Even if the hero explains the technical details after a crisis resolves, there will be important details missed. The most important one is the emotional state the hero was in after waking up at 2 AM in the morning in response to the crisis.
Developers make dozens of tiny decisions every day in their code. Many of those decisions can save precious minutes, if not hours, in a crisis. Someone who just hears about something that will help in a crisis will not truly understand its importance as much as someone who experiences the result of a bad decision while in a crisis.

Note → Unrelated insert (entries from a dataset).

lemma Inf_cutoff_energies_le_powr:
  fixes f :: "nat \<Rightarrow> real \<Rightarrow> real" and \<alpha> \<beta> p :: "nat \<Rightarrow> real" and C e :: real
  assumes \<alpha>: "\<And>i. i < N \<Longrightarrow> 1 \<le> \<alpha> i" and p: "\<And>i. i < N \<Longrightarrow> 0 < p i" and \<beta>: "\<And>i. i < N \<Longrightarrow> 0 < \<beta> i"
    and e: "\<And>i. i < N \<Longrightarrow> e \<le> - ((\<alpha> i - 1) / p i) - 1 / \<beta> i"
    and C: "\<And>i. i < N \<Longrightarrow> 2 powr ((\<alpha> i - 1) / p i) * (2 * real N) powr (1 / \<beta> i) \<le> C"
    and h: "a < b" "b - a \<le> 1" and f: "\<And>i. i < N \<Longrightarrow> Linfty_on a b (f i)"
  shows "Inf {(\<Sum>i<N. (LINT s:{a..b}|lebesgue. \<bar>l' s\<bar> powr \<alpha> i * \<bar>f i s\<bar> powr p i) powr (1 / p i))
               | l l'. admissible_cutoff a b l l'}
         \<le> C * (b - a) powr e * (\<Sum>i<N. (LINT s:{a..b}|lebesgue. \<bar>f i s\<bar> powr \<beta> i) powr (1 / \<beta> i))"
proof -
  define n where "n i = (LINT s:{a..b}|lebesgue. \<bar>f i s\<bar> powr \<beta> i)" for i
  have n: "0 \<le> n i" for i
    unfolding n_def by (simp add: set_integral_eq_integral_lebesgue_on)
  obtain E where E: "E \<in> sets lebesgue" "E \<subseteq> {a..b}" "(b - a) / 2 \<le> measure lebesgue E"
    and below: "\<And>i x. i < N \<Longrightarrow> x \<in> E \<Longrightarrow> \<bar>f i x\<bar> powr \<beta> i \<le> 2 * real N / (b - a) * n i"
    using exists_large_subset_below_scaled_means[of a b N "\<lambda>i s. \<bar>f i s\<bar> powr \<beta> i"] h(1) f
      Linfty_on_integrable_abs_powr \<beta> unfolding n_def by (metis less_imp_le powr_ge_zero)
  have Q: "\<bar>f i x\<bar> powr p i \<le> (2 * real N / (b - a) * n i) powr (p i / \<beta> i)" if "i < N" "x \<in> E" for i x
  proof -
    have "\<bar>f i x\<bar> powr p i = (\<bar>f i x\<bar> powr \<beta> i) powr (p i / \<beta> i)"
      using \<beta>[OF that(1)] by (simp add: powr_powr)
    also have "\<dots> \<le> (2 * real N / (b - a) * n i) powr (p i / \<beta> i)"
      using below[OF that] p[OF that(1)] \<beta>[OF that(1)] by (intro powr_mono2) auto
    finally show ?thesis .
  qed
  have "0 < \<alpha> i" if "i < N" for i
    using \<alpha>[OF that] by linarith
  then have "Inf {(\<Sum>i<N. (LINT s:{a..b}|lebesgue. \<bar>l' s\<bar> powr \<alpha> i * \<bar>f i s\<bar> powr p i) powr (1 / p i))
               | l l'. admissible_cutoff a b l l'}
      \<le> (\<Sum>i<N. ((2 * real N / (b - a) * n i) powr (p i / \<beta> i) * measure lebesgue E powr (1 - \<alpha> i)) powr (1 / p i))"
    using p f E h Q by (intro Inf_cutoff_energies_le) auto
  also have "\<dots> \<le> (\<Sum>i<N. C * (b - a) powr e * n i powr (1 / \<beta> i))"
  proof (intro sum_mono order.trans[OF cutoff_energy_term_le])
    fix i assume "i \<in> {..<N}"
    then show "2 powr ((\<alpha> i - 1) / p i) * (2 * real N) powr (1 / \<beta> i) * (b - a) powr e * n i powr (1 / \<beta> i)
        \<le> C * (b - a) powr e * n i powr (1 / \<beta> i)"
      using C by (intro mult_right_mono) auto
  qed (use h E n \<alpha> p \<beta> e in auto)
  also have "\<dots> = C * (b - a) powr e * (\<Sum>i<N. n i powr (1 / \<beta> i))"
    by (simp add: sum_distrib_left)
  finally show ?thesis
    unfolding n_def .
qed
lemma sparse_critical_norm_sq_le_paired:
  fixes A :: "'a::{real_normed_field,real_inner}^'n^'m" and As :: "'a^'m^'n"
  assumes adj: "\<And>d r. (A *v d) \<bullet> r = d \<bullet> (As *v r)"
    and crit1: "sparse_critical K x1 g1" and card1: "card_supp x1 = K"
    and crit2: "sparse_critical K x2 g2"
    and grad: "g2 - g1 = As *v (A *v (x2 - x1))"
    and \<sigma>: "\<sigma> ` (vsupp x2 - vsupp x1) \<subseteq> vsupp x1 - vsupp x2" "inj_on \<sigma> (vsupp x2 - vsupp x1)"
  shows "(norm (A *v (x2 - x1)))\<^sup>2 \<le> (\<Sum>t\<in>vsupp x2 - vsupp x1.
    norm (x1 $ \<sigma> t) * norm (x2 $ t) + norm (x2 $ t) * mag (x1 - g1) (K + 1))"
proof -
  have "(norm (A *v (x2 - x1)))\<^sup>2 = (x2 - x1) \<bullet> (g2 - g1)"
    using adj[of "x2 - x1" "A *v (x2 - x1)"] by (simp add: grad power2_norm_eq_inner)
  also have "\<dots> \<le> (\<Sum>l\<in>vsupp x1 - vsupp x2. norm (x1 $ l) * norm (g2 $ l))
      + (\<Sum>t\<in>vsupp x2 - vsupp x1. norm (x2 $ t) * mag (x1 - g1) (K + 1))"
    using crit1 crit2 sparse_critical_grad_le_mag_Suc[OF crit1 card1]
    by (intro inner_diff_le_sum_sym_diff) (auto simp: sparse_critical_def)
  also have "\<dots> \<le> (\<Sum>t\<in>vsupp x2 - vsupp x1.
      norm (x1 $ \<sigma> t) * norm (x2 $ t) + norm (x2 $ t) * mag (x1 - g1) (K + 1))"
    using sparse_critical_sum_grad_le_paired[OF crit2 _ \<sigma>, of "\<lambda>l. norm (x1 $ l)"] card1
    by (simp add: sum.distrib card_supp_def)
  finally show ?thesis .
qed

lemma sparse_critical_unique:
  fixes A :: "'a::{real_normed_field,real_inner}^'n^'m" and As :: "'a^'m^'n"
  assumes adj: "\<And>d r. (A *v d) \<bullet> r = d \<bullet> (As *v r)" and K: "1 \<le> K"
    and crit1: "sparse_critical K x1 g1" and card1: "card_supp x1 = K"
    and crit2: "sparse_critical K x2 g2"
    and grad: "g2 - g1 = As *v (A *v (x2 - x1))"
    and gap: "mag (x1 - g1) (K + 1) < (2 * (beta A (2 * K))\<^sup>2 - 1) * mag (x1 - g1) K"
  shows "x2 = x1"
proof (rule ccontr)
  assume "x2 \<noteq> x1"
  define w where "w = x2 - x1"
  define S where "S = vsupp x1"
  define T where "T = vsupp x2"
  define \<beta> where "\<beta> = beta A (2 * K)"
  have w: "w \<noteq> 0" using \<open>x2 \<noteq> x1\<close> by (simp add: w_def)
  have \<gamma>: "0 < 2 * \<beta>\<^sup>2 - 1"
    using gap mag_nonneg[of "x1 - g1"] unfolding \<beta>_def by (smt (verit) mult_nonpos_nonneg)
  have "card_supp w \<le> 2 * K"
    using card_supp_diff_le[of x2 x1] card1 crit2 by (simp add: w_def sparse_critical_def)
  with beta_sq_mult_le[OF w] have \<beta>_w: "\<beta>\<^sup>2 * (norm w)\<^sup>2 \<le> (norm (A *v w))\<^sup>2"
    by (simp add: \<beta>_def)
  have "card T \<le> card S"
    using card1 crit2 by (simp add: S_def T_def card_supp_def sparse_critical_def)
  then have "card (T - S) \<le> card (S - T)"
    by (simp add: card_Diff_subset_Int Int_commute)
  then obtain \<sigma> where \<sigma>: "\<sigma> ` (T - S) \<subseteq> S - T" "inj_on \<sigma> (T - S)"
    using card_le_inj[of "T - S" "S - T"] by auto
  have "(norm (A *v w))\<^sup>2
      \<le> (\<Sum>t\<in>T - S. norm (x1 $ \<sigma> t) * norm (x2 $ t) + norm (x2 $ t) * mag (x1 - g1) (K + 1))"
    unfolding w_def S_def T_def
    using sparse_critical_norm_sq_le_paired[OF adj crit1 card1 crit2 grad] \<sigma> by (simp add: S_def T_def)
  also have "\<dots> < \<beta>\<^sup>2 * (norm w)\<^sup>2"
  proof (cases "T - S = {}")
    case True
    have "0 < \<beta>\<^sup>2" using \<gamma> by linarith
    then show ?thesis using w by (simp add: True)
  next
    case False
    have "mag (x1 - g1) K \<le> norm (x1 $ \<sigma> t)" if "t \<in> T - S" for t
      using \<sigma>(1) that sparse_critical_mag_le_support_entry[OF crit1 card1 K] by (auto simp: S_def)
    then have "(\<Sum>t\<in>T - S. norm (x1 $ \<sigma> t) * norm (x2 $ t) + norm (x2 $ t) * mag (x1 - g1) (K + 1))
        < \<beta>\<^sup>2 * (\<Sum>t\<in>T - S. (norm (x2 $ t))\<^sup>2 + (norm (x1 $ \<sigma> t))\<^sup>2)"
      using False \<gamma> gap by (intro sum_paired_lt) (auto simp: T_def \<beta>_def)
    also have "\<dots> \<le> \<beta>\<^sup>2 * (norm w)\<^sup>2"
      using sum_paired_sq_le_norm_diff_sq[of \<sigma> x2 x1] \<sigma>
      by (intro mult_left_mono) (auto simp: w_def S_def T_def)
    finally show ?thesis .
  qed
  finally show False using \<beta>_w by simp
qed

lemma stationary_Kreg_card_supp_gt:
  fixes A :: "'a::{real_normed_field,real_inner}^'n^'m" and As :: "'a^'m^'n"
  assumes adj: "\<And>d r. (A *v d) \<bullet> r = d \<bullet> (As *v r)" and K: "1 \<le> K"
    and st1: "stationary (Kreg K A b) x1" and card1: "card_supp x1 = K"
    and gap: "mag ((mat 1 - As ** A) *v x1 + As *v b) (K + 1)
      < (2 * (beta A (2 * K))\<^sup>2 - 1) * mag ((mat 1 - As ** A) *v x1 + As *v b) K"
    and st2: "stationary (Kreg K A b) x2" and ne: "x2 \<noteq> x1"
  shows "K < card_supp x2"
proof (rule ccontr)
  assume "\<not> K < card_supp x2"
  then have crit2: "sparse_critical K x2 (As *v (A *v x2 - b))"
    by (intro stationary_Kreg_sparse_critical[OF adj K st2]) simp
  have crit1: "sparse_critical K x1 (As *v (A *v x1 - b))"
    using card1 by (intro stationary_Kreg_sparse_critical[OF adj K st1]) simp
  have "(mat 1 - As ** A) *v x1 + As *v b = x1 - As *v (A *v x1 - b)"
    by (simp add: matrix_vector_mult_diff_rdistrib matrix_vector_mult_diff_distrib
        matrix_vector_mul_assoc)
  moreover have "As *v (A *v x2 - b) - As *v (A *v x1 - b) = As *v (A *v (x2 - x1))"
    by (simp add: matrix_vector_mult_diff_distrib)
  ultimately show False
    using sparse_critical_unique[OF adj K crit1 card1 crit2] gap ne by simp
qed

lemma inner_matrix_vector_transpose: "((A::real^'n^'m) *v d) \<bullet> r = d \<bullet> (transpose A *v r)"
  by (metis dot_lmul_matrix inner_commute transpose_matrix_vector)

lemma inner_matrix_vector_cadj: "((A::complex^'n^'m) *v d) \<bullet> r = d \<bullet> (cadj A *v r)"
proof -
  have "(A *v d) \<bullet> r = (\<Sum>k\<in>UNIV. \<Sum>i\<in>UNIV. (A $ k $ i * d $ i) \<bullet> r $ k)"
    by (simp add: inner_vec_def matrix_vector_mult_def inner_sum_left)
  also have "\<dots> = (\<Sum>i\<in>UNIV. \<Sum>k\<in>UNIV. d $ i \<bullet> (cnj (A $ k $ i) * r $ k))"
    by (subst sum.swap) (simp add: inner_complex_def algebra_simps)
  also have "\<dots> = d \<bullet> (cadj A *v r)"
    by (simp add: inner_vec_def matrix_vector_mult_def inner_sum_right cadj_def)
  finally show ?thesis .
qed

theorem theorem5p3:
  shows
  "(\<forall>(A::real^'n^'m) (b::real^'m) (K::nat) (x'::real^'n) x''.
      K \<ge> 1 \<and> stationary (Kreg K A b) x' \<and> card_supp x' = K \<and>
      (let z' = (mat 1 - transpose A ** A) *v x' + transpose A *v b in
         mag z' (K + 1) < (2 * (beta A (2 * K))\<^sup>2 - 1) * mag z' K) \<and>
      stationary (Kreg K A b) x'' \<and> x'' \<noteq> x'
      \<longrightarrow> card_supp x'' > K)
   \<and>
   (\<forall>(A::complex^'n^'m) (b::complex^'m) (K::nat) (x'::complex^'n) x''.
      K \<ge> 1 \<and> stationary (Kreg K A b) x' \<and> card_supp x' = K \<and>
      (let z' = (mat 1 - cadj A ** A) *v x' + cadj A *v b in
         mag z' (K + 1) < (2 * (beta A (2 * K))\<^sup>2 - 1) * mag z' K) \<and>
      stationary (Kreg K A b) x'' \<and> x'' \<noteq> x'
      \<longrightarrow> card_supp x'' > K)"
  unfolding Let_def
  using stationary_Kreg_card_supp_gt[OF inner_matrix_vector_transpose]
    stationary_Kreg_card_supp_gt[OF inner_matrix_vector_cadj]
  by blast

end
lemma angular_slope:
  assumes "finite S" "p \<notin> convex hull S"
  obtains f :: "point \<Rightarrow> real"
  where "\<And>q q'. q \<in> S \<Longrightarrow> q' \<in> S \<Longrightarrow> f q < f q' \<longleftrightarrow> orient p q q' > 0"
    and "\<And>q q'. q \<in> S \<Longrightarrow> q' \<in> S \<Longrightarrow> f q = f q' \<longleftrightarrow> orient p q q' = 0"
proof -
  have "closed (convex hull S)"
    using assms(1) by (simp add: compact_imp_closed finite_imp_compact_convex_hull)
  then obtain a c where "inner a p < c" and hull_side: "\<forall>x\<in>convex hull S. c < inner a x"
    using separating_hyperplane_closed_point[OF convex_convex_hull _ assms(2)] by blast
  \<comment> \<open>\<open>(s q, t q)\<close> are the coordinates of \<open>q - p\<close> in the frame \<open>a\<close>, \<open>a\<close> rotated by 90 degrees;
    \<open>S\<close> lies in the half-plane \<open>s > 0\<close>, where the slope \<open>t / s\<close> increases with the angle at \<open>p\<close>.\<close>
  define s where "s q = inner a (q - p)" for q
  define t where "t q = a$1 * (q - p)$2 - a$2 * (q - p)$1" for q
  define f where "f q = t q / s q" for q
  have s_pos: "s q > 0" if "q \<in> S" for q
    using hull_side hull_inc[OF that] \<open>inner a p < c\<close> by (fastforce simp: s_def inner_diff_right)
  have identity: "s q * t q' - t q * s q' = inner a a * orient p q q'" for q q'
    by (simp add: s_def t_def orient_def inner_vec_def sum_2 algebra_simps)
  have a_sq: "inner a a > 0" if "q \<in> S" for q
    using s_pos[OF that] by (auto simp: s_def)
  have f_less: "f q < f q' \<longleftrightarrow> orient p q q' > 0" if "q \<in> S" "q' \<in> S" for q q'
  proof -
    have "f q < f q' \<longleftrightarrow> 0 < s q * t q' - t q * s q'"
      using s_pos[OF that(1)] s_pos[OF that(2)]
      by (simp add: f_def divide_less_eq less_divide_eq mult.commute)
    then show ?thesis using identity a_sq[OF that(1)] by (simp add: zero_less_mult_iff)
  qed
  have f_eq: "f q = f q' \<longleftrightarrow> orient p q q' = 0" if "q \<in> S" "q' \<in> S" for q q'
  proof -
    have "f q = f q' \<longleftrightarrow> t q * s q' = t q' * s q"
      using s_pos[OF that(1)] s_pos[OF that(2)] by (simp add: f_def frac_eq_eq)
    also have "\<dots> \<longleftrightarrow> s q * t q' - t q * s q' = 0"
      by (auto simp: mult.commute)
    also have "\<dots> \<longleftrightarrow> orient p q q' = 0" using identity a_sq[OF that(1)] by simp
    finally show ?thesis .
  qed
  show thesis using f_less f_eq by (rule that)
qed

lemma angular_sorted_list:
  assumes "finite S" "p \<notin> convex hull S"
    and "\<And>q q'. q \<in> S \<Longrightarrow> q' \<in> S \<Longrightarrow> q \<noteq> q' \<Longrightarrow> orient p q q' \<noteq> 0"
  obtains ys where "set ys = S" "distinct ys" "sorted_wrt (\<lambda>q q'. orient p q q' > 0) ys"
proof -
  obtain f :: "point \<Rightarrow> real"
    where f_less: "\<And>q q'. q \<in> S \<Longrightarrow> q' \<in> S \<Longrightarrow> f q < f q' \<longleftrightarrow> orient p q q' > 0"
      and f_eq: "\<And>q q'. q \<in> S \<Longrightarrow> q' \<in> S \<Longrightarrow> f q = f q' \<longleftrightarrow> orient p q q' = 0"
    using angular_slope[OF assms(1,2)] by blast
  have "inj_on f S" by (rule inj_onI) (use f_eq assms(3) in blast)
  obtain xs where "set xs = S" "distinct xs" using finite_distinct_list[OF assms(1)] by blast
  define ys where "ys = sort_key f xs"
  have "set ys = S" "distinct ys" using \<open>set xs = S\<close> \<open>distinct xs\<close> by (simp_all add: ys_def)
  then have "sorted_wrt (<) (map f ys)"
    using \<open>inj_on f S\<close> by (simp add: strict_sorted_iff distinct_map ys_def)
  then have "sorted_wrt (\<lambda>q q'. orient p q q' > 0) ys"
    unfolding sorted_wrt_map
    by (rule sorted_wrt_mono_rel[rotated]) (use \<open>set ys = S\<close> f_less in blast)
  with \<open>set ys = S\<close> \<open>distinct ys\<close> show thesis by (rule that)
qed

lemma angular_chord_separates:
  assumes "convex_position P" "p \<in> P" "set ys = P - {p}" "distinct ys"
    and "sorted_wrt (\<lambda>q q'. orient p q q' > 0) ys" "i + 1 < j" "j < length ys"
  shows "orient (ys ! i) (ys ! j) p > 0" "orient (ys ! i) (ys ! j) (ys ! (i + 1)) < 0"
proof -
  define x y z where "x = ys ! i" "y = ys ! (i + 1)" "z = ys ! j"
  have ord: "orient p (ys ! a) (ys ! b) > 0" if "a < b" "b < length ys" for a b
    using assms(5) that by (simp add: sorted_wrt_iff_nth_less)
  then show "orient x z p > 0"
    using assms(6,7) orient_cyclic[of x z p] unfolding x_y_z_def by simp
  have "x \<noteq> y" "y \<noteq> z" "{p, x, z} \<subseteq> P" "y \<in> P - {p}"
    using assms(2-4,6,7) nth_mem[of _ ys] unfolding x_y_z_def by (auto simp: nth_eq_iff_index_eq)
  then have "y \<notin> convex hull {p, x, z}"
    by (intro convex_position_notin_hull[OF assms(1)]) auto
  then show "orient x z y < 0"
    using ord assms(6,7) unfolding x_y_z_def by (intro orient_neg_if_outside_triangle) auto
qed

definition even_positions :: "'a list \<Rightarrow> 'a set" where
  "even_positions ys = (\<lambda>i. ys ! (2 * i)) ` {..<(length ys + 1) div 2}"

lemma even_positions_subset: "even_positions ys \<subseteq> set ys"
  by (auto simp: even_positions_def)

lemma card_even_positions: "distinct ys \<Longrightarrow> card (even_positions ys) = (length ys + 1) div 2"
  unfolding even_positions_def
  by (subst card_image) (auto intro!: inj_onI simp: nth_eq_iff_index_eq)

lemma nth_in_even_positions:
  "distinct ys \<Longrightarrow> l < length ys \<Longrightarrow> ys ! l \<in> even_positions ys \<longleftrightarrow> even l"
  by (auto simp: even_positions_def nth_eq_iff_index_eq)
(* Let $\mathcal E$ be a product system and let $F^1,F^2$ be inclusion subsystems of $\mathcal E$. For $t>0$ let $$G_t=\overline{\mathrm{span}}\{x\otimes y:x\in\mathcal E_r\ominus F^1_r,\ y\in\mathcal E_{t-r}\ominus F^2_{t-r}\ \text{for some }0<r<t\}$$ and $G'_t=\mathcal E_t\ominus G_t$. Then $G'=(G'_t)_{t>0}$ is an inclusion subsystem of $\mathcal E$ (i.e. $G'_{s+t}\subset G'_s\otimes G'_t$ under $\mathcal E_{s+t}\cong\mathcal E_s\otimes\mathcal E_t$) and $F^1_t\subset G'_t$, $F^2_t\subset G'_t$ for all $t>0$.
   Context: A product system is a measurable family of separable Hilbert spaces $(\mathcal E_t)_{t>0}$ with associative unitaries $V_{s,t}:\mathcal E_{s+t}\to\mathcal E_s\otimes\mathcal E_t$, used to identify $\mathcal E_{s+t}\cong\mathcal E_s\otimes\mathcal E_t$. An inclusion subsystem is a family of closed subspaces $F_t\subset\mathcal E_t$ with $V_{s,t}(F_{s+t})\subset F_s\otimes F_t$ for all $s,t>0$; with the restricted maps it is an inclusion system (family of Hilbert spaces with associative isometries $E_{s+t}\to E_s\otimes E_t$). *)

theory Defs
  imports "HOL-Analysis.Analysis"
begin

text \<open>Separable complex Hilbert spaces are modelled concretely as l2(I) for a countable
index set I (every separable Hilbert space is unitarily equivalent to such a space).
The Hilbert tensor product l2(I) (x) l2(J) is l2(I x J) with x (x) y = (a,b) |-> x a * y b.\<close>

definition l2 :: "'i set \<Rightarrow> ('i \<Rightarrow> complex) set" where
  "l2 I = {f. (\<forall>a. a \<notin> I \<longrightarrow> f a = 0) \<and> (\<lambda>a. (cmod (f a))^2) summable_on I}"

definition l2_inner :: "('i \<Rightarrow> complex) \<Rightarrow> ('i \<Rightarrow> complex) \<Rightarrow> complex" where
  "l2_inner f g = (\<Sum>\<^sub>\<infinity>a. f a * cnj (g a))"

definition l2_norm :: "('i \<Rightarrow> complex) \<Rightarrow> real" where
  "l2_norm f = sqrt (\<Sum>\<^sub>\<infinity>a. (cmod (f a))^2)"

definition l2_closure :: "'i set \<Rightarrow> ('i \<Rightarrow> complex) set \<Rightarrow> ('i \<Rightarrow> complex) set" where
  "l2_closure I S = {x \<in> l2 I. \<exists>u. (\<forall>n. u n \<in> S) \<and>
      (\<lambda>n. l2_norm (\<lambda>a. u n a - x a)) \<longlonglongrightarrow> 0}"

definition cspan :: "('i \<Rightarrow> complex) set \<Rightarrow> ('i \<Rightarrow> complex) set" where
  "cspan S = {x. \<exists>(n::nat) (c::nat \<Rightarrow> complex) v. (\<forall>i<n. v i \<in> S) \<and>
      x = (\<lambda>a. \<Sum>i<n. c i * v i a)}"

definition cl_span :: "'i set \<Rightarrow> ('i \<Rightarrow> complex) set \<Rightarrow> ('i \<Rightarrow> complex) set" where
  "cl_span I S = l2_closure I (cspan S)"

definition closed_subspace :: "'i set \<Rightarrow> ('i \<Rightarrow> complex) set \<Rightarrow> bool" where
  "closed_subspace I F \<longleftrightarrow> F \<subseteq> l2 I \<and> (\<lambda>a. 0) \<in> F \<and>
     (\<forall>x\<in>F. \<forall>y\<in>F. (\<lambda>a. x a + y a) \<in> F) \<and>
     (\<forall>c. \<forall>x\<in>F. (\<lambda>a. c * x a) \<in> F) \<and> l2_closure I F \<subseteq> F"

definition orth :: "'i set \<Rightarrow> ('i \<Rightarrow> complex) set \<Rightarrow> ('i \<Rightarrow> complex) set" where
  "orth I F = {x \<in> l2 I. \<forall>y\<in>F. l2_inner x y = 0}"

definition tensor :: "('i \<Rightarrow> complex) \<Rightarrow> ('j \<Rightarrow> complex) \<Rightarrow> ('i \<times> 'j \<Rightarrow> complex)" where
  "tensor x y = (\<lambda>(a, b). x a * y b)"

definition htensor :: "'i set \<Rightarrow> 'j set \<Rightarrow> ('i \<Rightarrow> complex) set \<Rightarrow> ('j \<Rightarrow> complex) set
    \<Rightarrow> ('i \<times> 'j \<Rightarrow> complex) set" where
  "htensor I J A B = cl_span (I \<times> J) {tensor x y | x y. x \<in> A \<and> y \<in> B}"

definition unitary_l2 :: "'i set \<Rightarrow> 'j set \<Rightarrow> (('i \<Rightarrow> complex) \<Rightarrow> ('j \<Rightarrow> complex)) \<Rightarrow> bool" where
  "unitary_l2 I J U \<longleftrightarrow> U ` l2 I = l2 J \<and>
     (\<forall>x\<in>l2 I. \<forall>y\<in>l2 I. U (\<lambda>a. x a + y a) = (\<lambda>b. U x b + U y b)) \<and>
     (\<forall>c. \<forall>x\<in>l2 I. U (\<lambda>a. c * x a) = (\<lambda>b. c * U x b)) \<and>
     (\<forall>x\<in>l2 I. \<forall>y\<in>l2 I. l2_inner (U x) (U y) = l2_inner x y)"

text \<open>U (x) 1 and 1 (x) U acting on l2(I x K) resp. l2(K x I).\<close>
definition op_tensor_id :: "(('i \<Rightarrow> complex) \<Rightarrow> ('j \<Rightarrow> complex)) \<Rightarrow> ('i \<times> 'k \<Rightarrow> complex)
    \<Rightarrow> ('j \<times> 'k \<Rightarrow> complex)" where
  "op_tensor_id U f = (\<lambda>(p, c). U (\<lambda>a. f (a, c)) p)"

For example: many developers who have not experienced a crisis will tend to write poor error messages. Their code is littered with messages like “Error occurred.” Where did the error occur? Who did it occur for? Even something as small as “Error occurred for User 123 at url /home” makes a huge difference. But someone who has never had to fix critical issues will not understand how big a difference it makes. They would have never felt the emotional impact of these seemingly small changes in their code.
Writing code that handles well in a crisis is an essential skill for developers. When developers rely on a hero to solve crises, they are denying themselves the opportunity to develop the skill to write better code. That will impact the company in the short term and the developers’ careers in the long term.
Lastly, there are the issues for the hero. Having the skills to save the day make the hero valuable in a way. But going from crisis to crisis will have the hero only develop the skill to resolve crises. The hero will not develop their ability to prevent crises. If the company can’t prioritize crisis prevention, the hero won’t have time to practice crisis prevention. This affects the hero’s career because their value is tied to a single company. They have less value to another company which affects their ability to move on if they find they are unhappy.
And they will be unhappy.
Being the hero has a number of quality of life issues. Want to take a vacation? Sure, but always have the oncall phone ready and be prepared to take out a laptop at a moment's notice. Want to build something new and interesting? Sure, but do it in between crises. Want to make dinner plans with friends or go on a date? Sure, but be prepared to cancel. Just in case.
I’ve been both the hero and the developer reliant on the hero to save the day. I can honestly say that it is worse being the hero. The praise and the adrenaline can feel great at first, but it doesn’t last. Eventually, there is only exhaustion, resignation, and anger.
“How could that break again?!”
Resolving crises without crisis prevention has a diminishing return on growing as a developer. Eventually you just end up solving the same kind of crisis over and over. There’s no learning in that. I also ended up in a situation where I needed a crisis even though I hated it. I was so used to resolving them that I didn’t know how to function when there wasn’t a crisis. How does one go about doing work uninterrupted? So strange!
So how can we get rid of the culture of hero developers?
The idea is simple, even if implementing it can be challenging. Treat the notion of having a hero as seriously as you would a crisis. When a crisis happens, resolve it. But also take at least one step in preventing something just like it from happening again. It isn’t a guarantee of prevention, but slow progress is still progress. You will eventually get there.
Also prioritize education for the rest of the team. Involve multiple people in every crisis. Maybe that’s just investigating an issue in parallel with the hero. Maybe that’s pairing up directly with the hero. But involve them. Everyone learns better by doing. It may feel like wasted time since the hero can do thing faster, but having multiple people capable of resolving future crises is worth that cost.
Neither of these steps are easy to take. It’s never easy trying to think of the long term when you have an emergency. But for all the reasons stated above, these are important steps to take because they prevent the vicious cycle of having only a single hero to solve crises because the hero is the only one who has ever solved a crisis. It is worth the cost.